> [Available data]:
text \<open>The 32 maps \<open>x \<mapsto> a x b\<close> of the quaternions \<open>\<bbbH> = \<real>\<^sup>4\<close>, with \<open>a, b\<close> in the quaternion
  group \<open>Q\<^sub>8\<close>, form a subgroup of SO(4) in which any two elements are orthogonal or antipodal.
  Universal optimality is a linear programming bound. On the sphere, the squared distance is
  \<open>8 - 2t\<close> with \<open>t = \<langle>x,y\<rangle>\<close>, and since \<open>g''' \<le> 0\<close>, \<open>g (8 - 2t)\<close> lies above the quadratic \<open>H t\<close>
  agreeing with it to first order at \<open>t = 0\<close> and in value at \<open>t = -4\<close>. Summing \<open>H\<close> over all
  pairs of a 32-point code, the linear term is controlled by \<open>\<parallel>\<Sum>x\<parallel>\<^sup>2 \<ge> 0\<close> and the quadratic
  one by the frame potential bound \<open>\<Sum>\<langle>x,y\<rangle>\<^sup>2 \<ge> (\<Sum>\<parallel>x\<parallel>\<^sup>2)\<^sup>2 / 16\<close>. The cross polytope, whose
  inner products are only \<open>0\<close> and \<open>-4\<close>, attains equality in every step.\<close>

lemma antimono_deriv_below_tangent:
  fixes f f' :: "real \<Rightarrow> real"
  assumes deriv: "\<And>t. t \<in> {l..u} \<Longrightarrow> (f has_real_derivative f' t) (at t)"
    and antimono: "\<And>s t. s \<in> {l..u} \<Longrightarrow> t \<in> {l..u} \<Longrightarrow> s \<le> t \<Longrightarrow> f' t \<le> f' s"
    and x: "x \<in> {l..u}" and y: "y \<in> {l..u}"
  shows "f y \<le> f x + f' x * (y - x)"
proof -
  define h where "h t = f t - f' x * t" for t
  have h_deriv: "(h has_real_derivative f' t - f' x) (at t)" if "t \<in> {l..u}" for t
    unfolding h_def using deriv[OF that] by (auto intro!: derivative_eq_intros)
  have "h y \<le> h x"
  proof (cases "x \<le> y")
    case True
    have "- h x \<le> - h y"
      using True x y by (intro deriv_nonneg_imp_mono[of x y "\<lambda>t. - h t" "\<lambda>t. f' x - f' t"])
        (auto intro!: derivative_eq_intros h_deriv antimono)
    then show ?thesis by simp
  next
    case False
    show ?thesis
      using False x y by (intro deriv_nonneg_imp_mono[of y x h "\<lambda>t. f' t - f' x"])
        (auto intro!: h_deriv antimono)
  qed
  then show ?thesis by (simp add: h_def algebra_simps)
qed

text \<open>\<open>\<phi>'\<close> is concave and vanishes at \<open>a\<close>, so it changes sign at most once more in \<open>(a, b]\<close>,
  from \<open>+\<close> to \<open>-\<close>; hence \<open>\<phi> \<ge> min (\<phi> a) (\<phi> b)\<close> there, while \<open>\<phi>'' a \<ge> 0\<close> makes \<open>\<phi>\<close>
  nonincreasing on \<open>[l, a]\<close>.\<close>

lemma hermite_remainder_nonneg:
  fixes \<phi> \<phi>' \<phi>'' :: "real \<Rightarrow> real"
  assumes deriv: "\<And>t. t \<in> {l..b} \<Longrightarrow> (\<phi> has_real_derivative \<phi>' t) (at t)"
    and deriv2: "\<And>t. t \<in> {l..b} \<Longrightarrow> (\<phi>' has_real_derivative \<phi>'' t) (at t)"
    and antimono: "\<And>s t. s \<in> {l..b} \<Longrightarrow> t \<in> {l..b} \<Longrightarrow> s \<le> t \<Longrightarrow> \<phi>'' t \<le> \<phi>'' s"
    and a: "l \<le> a" "a < b" and s: "l \<le> s" "s \<le> b"
    and zeros: "\<phi> a = 0" "\<phi>' a = 0" "\<phi> b = 0"
  shows "\<phi> s \<ge> 0"
proof -
  have tangent: "\<phi>' y \<le> \<phi>' x + \<phi>'' x * (y - x)" if "x \<in> {l..b}" "y \<in> {l..b}" for x y
    using antimono_deriv_below_tangent[OF deriv2 antimono that] .
  have nonincr: "\<phi> y \<le> \<phi> x"
    if xy: "l \<le> x" "x \<le> y" "y \<le> b" and neg: "\<And>t. t \<in> {x..y} \<Longrightarrow> \<phi>' t \<le> 0" for x y
  proof -
    have "- \<phi> x \<le> - \<phi> y"
    proof (rule deriv_nonneg_imp_mono[of x y _ "\<lambda>t. - \<phi>' t"])
      fix t assume t: "t \<in> {x..y}"
      show "((\<lambda>t. - \<phi> t) has_real_derivative - \<phi>' t) (at t)"
        using xy t by (intro DERIV_minus deriv) simp
      show "- \<phi>' t \<ge> 0"
        using neg[OF t] by simp
    qed (fact xy(2))
    then show ?thesis by simp
  qed
  have curv_a: "\<phi>'' a \<ge> 0"
  proof (rule ccontr)
    assume "\<not> \<phi>'' a \<ge> 0"
    then have pos: "0 < - \<phi>'' a * (b - a)\<^sup>2 / 2"
      using a by (intro divide_pos_pos mult_pos_pos) simp_all
    define \<psi> where "\<psi> t = \<phi> t - \<phi>'' a * (t - a)\<^sup>2 / 2" for t
    have "- \<psi> a \<le> - \<psi> b"
    proof (rule deriv_nonneg_imp_mono[of a b _ "\<lambda>t. \<phi>'' a * (t - a) - \<phi>' t"])
      fix t assume t: "t \<in> {a..b}"
      then have "(\<phi> has_real_derivative \<phi>' t) (at t)"
        using a by (intro deriv) simp
      then show "((\<lambda>t. - \<psi> t) has_real_derivative \<phi>'' a * (t - a) - \<phi>' t) (at t)"
        unfolding \<psi>_def by (auto intro!: derivative_eq_intros)
      show "\<phi>'' a * (t - a) - \<phi>' t \<ge> 0"
        using tangent[of a t] t a zeros by simp
    qed (use a in simp)
    moreover have "\<psi> a = 0" "\<psi> b = - \<phi>'' a * (b - a)\<^sup>2 / 2"
      by (simp_all add: \<psi>_def zeros)
    ultimately show False
      using pos by linarith
  qed
  show ?thesis
  proof (cases "s \<le> a")
    case True
    have "\<phi>' t \<le> \<phi>' a" if t: "t \<in> {s..a}" for t
    proof (rule deriv_nonneg_imp_mono[of t a \<phi>' \<phi>''])
      fix u assume u: "u \<in> {t..a}"
      show "(\<phi>' has_real_derivative \<phi>'' u) (at u)"
        using u t s a by (intro deriv2) simp
      show "\<phi>'' u \<ge> 0"
        using curv_a antimono[of u a] u t s a by simp
    qed (use t in simp)
    then show ?thesis
      using nonincr[of s a] True s a zeros by simp
  next
    case False
    show ?thesis
    proof (cases "\<forall>t\<in>{a..s}. \<phi>' t \<ge> 0")
      case True
      have "\<phi> a \<le> \<phi> s"
        using True False a s by (intro deriv_nonneg_imp_mono[of a s \<phi> \<phi>'] deriv) simp_all
      then show ?thesis
        using zeros by simp
    next
      case False
      then obtain y where y: "y \<in> {a..s}" "\<phi>' y < 0" by auto
      have "\<phi>'' y * (y - a) < 0"
        using tangent[of y a] y a s zeros by (simp add: algebra_simps)
      then have "\<phi>'' y < 0"
        using y by (simp add: mult_less_0_iff)
      have "\<phi>' t \<le> 0" if "t \<in> {s..b}" for t
      proof -
        have "\<phi>'' y * (t - y) \<le> 0"
          using \<open>\<phi>'' y < 0\<close> y that by (intro mult_nonpos_nonneg) auto
        then show ?thesis
          using tangent[of y t] y that a s by simp
      qed
      then show ?thesis
        using nonincr[of s b] s zeros by simp
    qed
  qed
qed

lemma completely_monotonicD:
  assumes "completely_monotonic g" "x > 0"
  shows "((deriv ^^ k) g has_real_derivative (deriv ^^ Suc k) g x) (at x)"
    and "(-1) ^ k * (deriv ^^ k) g x \<ge> 0"
  using assms unfolding completely_monotonic_def by blast+

lemma completely_monotonic_derivs:
  assumes "completely_monotonic g" "x > 0"
  shows "(g has_real_derivative deriv g x) (at x)"
    and "(deriv g has_real_derivative deriv (deriv g) x) (at x)"
    and "(deriv (deriv g) has_real_derivative deriv (deriv (deriv g)) x) (at x)"
    and "deriv g x \<le> 0" "deriv (deriv g) x \<ge> 0" "deriv (deriv (deriv g)) x \<le> 0"
  using completely_monotonicD[OF assms, of 0] completely_monotonicD[OF assms, of 1]
    completely_monotonicD[OF assms, of 2] completely_monotonicD[OF assms, of 3]
  by (simp_all add: numeral_2_eq_2 numeral_3_eq_3)

lemma completely_monotonic_above_tangent:
  assumes cm: "completely_monotonic g" and a: "0 < a" "a \<le> s"
  shows "g a + deriv g a * (s - a) \<le> g s"
proof -
  have "- g s \<le> - g a + - deriv g a * (s - a)"
  proof (rule antimono_deriv_below_tangent[of a s])
    fix t assume "t \<in> {a..s}"
    then have "t > 0" using a by simp
    then show "((\<lambda>t. - g t) has_real_derivative - deriv g t) (at t)"
      by (intro DERIV_minus completely_monotonic_derivs(1)[OF cm])
  next
    fix t u assume tu: "t \<in> {a..s}" "u \<in> {a..s}" "t \<le> u"
    have "deriv g t \<le> deriv g u"
    proof (rule deriv_nonneg_imp_mono[of t u _ "deriv (deriv g)"])
      fix v assume "v \<in> {t..u}"
      then have "v > 0" using a tu by simp
      then show "(deriv g has_real_derivative deriv (deriv g) v) (at v)" "deriv (deriv g) v \<ge> 0"
        using completely_monotonic_derivs(2,5)[OF cm] by blast+
    qed (fact tu(3))
    then show "- deriv g u \<le> - deriv g t" by simp
  qed (use a in simp_all)
  then show ?thesis by simp
qed
(* Let $A,B\in \mathbb{C}^{n\times n}$. Then the following are equivalent: (1) $A\leq^{\mathrm{cEP}}B$. (2) There exist $E_1=AA^{\mathrm{cEP}}$ and $E_2=E_2^*=E_2^2$ such that $A=\begin{pmatrix} T_1&S_1&S_2\\ 0&N_1&N_2\\ 0&N_3&N_4\end{pmatrix}_{E\times E}$, $B=\begin{pmatrix} T_1&S_1&S_2\\ 0&T_3&T_4\\ 0&0&T_5\end{pmatrix}_{E\times E}$, where $E=\{ E_1,E_2,I_n-E_1-E_2\}$, $T_1\in (E_1\mathbb{C}^{n\times n}E_1)^{-1}$, $T_3\in (E_2\mathbb{C}^{n\times n}E_2)^{-1}$ and $N_1+N_2+N_3+N_4,\ T_5\in \mathbb{C}^{n\times n}$ are nilpotent.
   Context: $\mathbb{C}^{n\times n}$ is the algebra of complex $n\times n$ matrices with conjugate transpose. The core-EP inverse $A^{\mathrm{cEP}}$ of $A$ is the unique $X$ with $XA^{k+1}=A^k$, $AX^2=X$, $(AX)^*=AX$ for some $k\in\mathbb{N}$. The core-EP order is $A\leq^{\mathrm{cEP}}B$ iff $AA^{\mathrm{cEP}}=BA^{\mathrm{cEP}}$ and $A^{\mathrm{cEP}}A=A^{\mathrm{cEP}}B$. For a set $E=\{E_1,E_2,E_3\}$ of idempotents summing to $I_n$ with $E_iE_j=0$ ($i\neq j$), a matrix $X$ is written $X=(E_iXE_j)_{E\times E}$. *)

theory Defs
  imports "HOL-Analysis.Analysis"
begin

type_synonym 'n cmat = "complex ^'n ^'n"

definition cadj :: "'n::finite cmat \<Rightarrow> 'n cmat" where
  "cadj M = (\<chi> i j. cnj (M $ j $ i))"

primrec mpow :: "'n::finite cmat \<Rightarrow> nat \<Rightarrow> 'n cmat" where
  "mpow M 0 = mat 1"
| "mpow M (Suc k) = M ** mpow M k"

definition is_core_EP_inv :: "'n::finite cmat \<Rightarrow> 'n cmat \<Rightarrow> bool" where
  "is_core_EP_inv A X \<longleftrightarrow>
     (\<exists>k::nat. X ** mpow A (k+1) = mpow A k) \<and> A ** (X ** X) = X \<and> cadj (A ** X) = A ** X"

definition core_EP :: "'n::finite cmat \<Rightarrow> 'n cmat" where
  "core_EP A = (THE X. is_core_EP_inv A X)"

definition core_EP_le :: "'n::finite cmat \<Rightarrow> 'n cmat \<Rightarrow> bool" where
  "core_EP_le A B \<longleftrightarrow> A ** core_EP A = B ** core_EP A \<and> core_EP A ** A = core_EP A ** B"

definition nilpotent_mat :: "'n::finite cmat \<Rightarrow> bool" where
  "nilpotent_mat M \<longleftrightarrow> (\<exists>k. mpow M k = 0)"

definition idem_system3 :: "'n::finite cmat \<Rightarrow> 'n cmat \<Rightarrow> 'n cmat \<Rightarrow> bool" where
  "idem_system3 E1 E2 E3 \<longleftrightarrow>
     E1 ** E1 = E1 \<and> E2 ** E2 = E2 \<and> E3 ** E3 = E3 \<and> E1 + E2 + E3 = mat 1 \<and>
     E1 ** E2 = 0 \<and> E2 ** E1 = 0 \<and> E1 ** E3 = 0 \<and> E3 ** E1 = 0 \<and>
     E2 ** E3 = 0 \<and> E3 ** E2 = 0"

text \<open>T is invertible in the corner ring P C^{n x n} P (P idempotent).\<close>
definition corner_invertible :: "'n::finite cmat \<Rightarrow> 'n cmat \<Rightarrow> bool" where
  "corner_invertible P T \<longleftrightarrow> P ** T ** P = T \<and>
     (\<exists>Y. P ** Y ** P = Y \<and> T ** Y = P \<and> Y ** T = P)"

end

theory Submission
  imports Defs
begin
(* Let $n=2^m$ for a positive integer $m$. Let $C_0\subseteq F^n$ be a binary code of length $n$, size $2^{n-1}/n$ and minimum distance $4$ all of whose words have even weight, and let $C_1\subseteq F^n$ be a binary code of length $n$, size $2^{n-1}/n$ and minimum distance $4$ all of whose words have odd weight. Then there exists a set $C\subseteq X^n$ with $|C| = 2^{n-1}/n$, in which any two distinct words are at Hamming distance at least $3$, such that $e(C)=C_0$ and $o(C)=C_1$.
   Context: $F^n$ is the set of binary words of length $n$; $X^n$ is the set of words of length $n$ over $\{*,0,1\}$ with exactly one $*$ (equivalently, ternary words of length $n$ and weight $n-1$). The Hamming distance between words of $X^n\cup F^n$ is the number of coordinates in which they differ. A word $\mathbf{x}\in X^n$ is identified with the pair of binary words obtained by replacing $*$ by $0$ and by $1$ (e.g. $01{*}0=\{0100,0110\}$); one of them has even weight, denoted $e(\mathbf{x})$, and the other odd weight, denoted $o(\mathbf{x})$. For $C\subseteq X^n$, $e(C)=\{e(\mathbf{c}):\mathbf{c}\in C\}$ and $o(C)=\{o(\mathbf{c}):\mathbf{c}\in C\}$. *)

theory Defs
  imports Main
begin

text \<open>Binary words of length n: bool lists (True = 1). Words of X^n: lists over
  bool option, where None is the symbol * and Some b is the bit b.\<close>

definition F :: "nat \<Rightarrow> bool list set" where
  "F n = {w. length w = n}"

definition X :: "nat \<Rightarrow> bool option list set" where
  "X n = {x. length x = n \<and> card {i. i < n \<and> x ! i = None} = 1}"
(* Let $n \ge 2$, $k \ge 0$, and let $n_1, \dots, n_k$ be even integers with $1 \le n_i \le 2n-2$. Then $\mathcal{P}_n(n_1,\dots,n_k;-n_k,\dots,-n_1)$ is a regular presentation of $Q_{4n}$.
   Context: $Q_{4n}$ is identified with $\langle x, y \mid x^n y^{-2}, xyxy^{-1} \rangle$. A presentation $\langle x, y \mid x^n y^{-2}, R\rangle$ is regular if $x \mapsto x$, $y \mapsto y$ induces a group isomorphism from the group it presents to $Q_{4n}$. For integers $k\ge0$, $n_1,\dots,n_k,m_1,\dots,m_k$, with $n_{k+1} = 1 - \sum_{i=1}^k n_i$, $m_{k+1} = 1 - \sum_{i=1}^k m_i$, $\mathcal{P}_n(n_1,\dots,n_k;m_1,\dots,m_k) = \langle x, y \mid x^n y^{-2},\ x^{n_1} y x^{m_1} y^{-1} \cdots x^{n_{k+1}} y x^{m_{k+1}} y^{-1} \rangle$; thus here $m_i = -n_{k+1-i}$ for $1 \le i \le k$. *)

theory Defs
  imports "HOL-Algebra.Group"
begin

text \<open>Group presentations on the two generators x, y, built from words in the
free monoid on the letters x, x^-1, y, y^-1.  A letter is (inverted?, generator).\<close>

datatype gen = GX | GY

type_synonym word = "(bool \<times> gen) list"

definition inv_letter :: "bool \<times> gen \<Rightarrow> bool \<times> gen" where
  "inv_letter l = (\<not> fst l, snd l)"

text \<open>The congruence on words generated by free cancellation and the relators R;
its classes are the elements of the group presented by the generators and R.\<close>
inductive word_eq :: "word set \<Rightarrow> word \<Rightarrow> word \<Rightarrow> bool" for R :: "word set" where
  refl: "word_eq R w w"
| sym: "word_eq R u v \<Longrightarrow> word_eq R v u"
| trans: "word_eq R u v \<Longrightarrow> word_eq R v w \<Longrightarrow> word_eq R u w"
| cancel: "word_eq R (u @ [l, inv_letter l] @ v) (u @ v)"
| rel: "r \<in> R \<Longrightarrow> word_eq R (u @ r @ v) (u @ v)"

definition pclass :: "word set \<Rightarrow> word \<Rightarrow> word set" where
  "pclass R w = {v. word_eq R w v}"

definition presented_group :: "word set \<Rightarrow> word set monoid" where
  "presented_group R =
     \<lparr> carrier = range (pclass R),
       mult = (\<lambda>A B. {v. \<exists>a\<in>A. \<exists>b\<in>B. word_eq R (a @ b) v}),
       one = pclass R [] \<rparr>"

definition gx :: word where "gx = [(False, GX)]"
definition gy :: word where "gy = [(False, GY)]"
definition gy_inv :: word where "gy_inv = [(True, GY)]"

definition gpow :: "gen \<Rightarrow> int \<Rightarrow> word" where
  "gpow g k = (if 0 \<le> k then replicate (nat k) (False, g) else replicate (nat (- k)) (True, g))"

definition rel0 :: "nat \<Rightarrow> word" where
  "rel0 n = gpow GX (int n) @ gpow GY (-2)"

definition Q :: "nat \<Rightarrow> word set monoid" where
  "Q n = presented_group {rel0 n, gx @ gy @ gx @ gy_inv}"

text \<open>The second relator of P_n(n_1..n_k; m_1..m_k):
  x^{n_1} y x^{m_1} y^-1 ... x^{n_{k+1}} y x^{m_{k+1}} y^-1,
  with n_{k+1} = 1 - sum n_i, m_{k+1} = 1 - sum m_i.\<close>
definition P_rel :: "int list \<Rightarrow> int list \<Rightarrow> word" where
  "P_rel ns ms =
     (let ns' = ns @ [1 - sum_list ns]; ms' = ms @ [1 - sum_list ms]
      in concat (map2 (\<lambda>a b. gpow GX a @ gy @ gpow GX b @ gy_inv) ns' ms'))"

definition P :: "nat \<Rightarrow> int list \<Rightarrow> int list \<Rightarrow> word set monoid" where
  "P n ns ms = presented_group {rel0 n, P_rel ns ms}"

definition regular :: "nat \<Rightarrow> word \<Rightarrow> bool" where
  "regular n r \<longleftrightarrow>
     (\<exists>h. h \<in> iso (presented_group {rel0 n, r}) (Q n)
          \<and> h (pclass {rel0 n, r} gx) = pclass {rel0 n, gx @ gy @ gx @ gy_inv} gx
          \<and> h (pclass {rel0 n, r} gy) = pclass {rel0 n, gx @ gy @ gx @ gy_inv} gy)"

end

theory Submission
  imports Defs
begin

(*
  Work in an arbitrary group with elements x, y and put w = y x y^-1. With S the sum of the n_i,
  a = (n_1, ..., n_k, 1 - S) and b = (-n_k, ..., -n_1, 1 + S), the second relator of
  P_n(n_1, ..., n_k; -n_k, ..., -n_1) is the alternating product x^a_1 w^b_1 ... x^a_(k+1) w^b_(k+1),
  so it is trivial as soon as w = x^-1, i.e. as soon as the dicyclic relator x y x y^-1 of Q_4n is.

  Conversely, x^n = y^2 makes conjugation by y swap x and w. Split the relator as P Q, with Q the
  last block. Since b_i = -a_(k+1-i) for i <= k, the conjugate of P is P^-1; comparing the relator
  with its conjugate gives P = w^(1-S) x^(1+S) and then w^2 = x^-2. As all n_i are even, every
  w^(n_i) becomes a power of x and the equation for P collapses to w = x^-1.

  Hence both relator sets generate the same congruence on words.
*)

lemma word_eq_context: "word_eq R u v \<Longrightarrow> word_eq R (a @ u @ b) (a @ v @ b)"
proof (induction rule: word_eq.induct)
  case (cancel u l v)
  show ?case using word_eq.cancel[of R "a @ u" l "v @ b"] by simp
next
  case (rel r u v)
  show ?case using word_eq.rel[OF rel, of "a @ u" "v @ b"] by simp
qed (auto intro: word_eq.intros)

lemma word_eq_append: "word_eq R u u' \<Longrightarrow> word_eq R v v' \<Longrightarrow> word_eq R (u @ v) (u' @ v')"
  using word_eq_context[of R u u' "[]" v] word_eq_context[of R v v' u' "[]"]
  by (auto intro: word_eq.trans)

lemma word_eq_mono_relators:
  assumes "word_eq R u v" and "\<And>r. r \<in> R \<Longrightarrow> word_eq R' r []"
  shows "word_eq R' u v"
  using assms(1)
proof (induction rule: word_eq.induct)
  case (rel r u v)
  show ?case using word_eq_context[OF assms(2)[OF rel], of u v] by simp
qed (blast intro: word_eq.intros)+

definition word_inv :: "word \<Rightarrow> word" where
  "word_inv w = rev (map inv_letter w)"

lemma word_inv_word_inv [simp]: "word_inv (word_inv w) = w"
  by (simp add: word_inv_def inv_letter_def rev_map comp_def)

lemma word_eq_append_word_inv: "word_eq R (w @ word_inv w) []"
proof (induction w)
  case Nil
  show ?case by (simp add: word_inv_def word_eq.refl)
next
  case (Cons l w)
  have "word_eq R ([l] @ (w @ word_inv w) @ [inv_letter l]) ([l] @ [] @ [inv_letter l])"
    using Cons by (rule word_eq_context)
  moreover have "word_eq R ([] @ [l, inv_letter l] @ []) []"
    using word_eq.cancel[of R "[]" l "[]"] by simp
  ultimately show ?case by (auto simp: word_inv_def intro: word_eq.trans)
qed

lemma word_eq_word_inv_append: "word_eq R (word_inv w @ w) []"
  using word_eq_append_word_inv[of R "word_inv w"] by simp

lemma pclass_eq_iff: "pclass R u = pclass R v \<longleftrightarrow> word_eq R u v"
  unfolding pclass_def by (auto intro: word_eq.refl word_eq.sym word_eq.trans)

lemma carrier_presented_group: "carrier (presented_group R) = range (pclass R)"
  by (simp add: presented_group_def)

lemma pclass_in_carrier [simp]: "pclass R w \<in> carrier (presented_group R)"
  by (simp add: carrier_presented_group)

lemma one_presented_group: "\<one>\<^bsub>presented_group R\<^esub> = pclass R []"
  by (simp add: presented_group_def)

lemma mult_pclass: "pclass R u \<otimes>\<^bsub>presented_group R\<^esub> pclass R v = pclass R (u @ v)"
  unfolding presented_group_def pclass_def
  by (auto intro: word_eq.refl word_eq.trans word_eq_append)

> [Your goal]:
Check each line of the material above for the string "auto". Please count those that have it and reply with the number only.

> [Task solution]:
11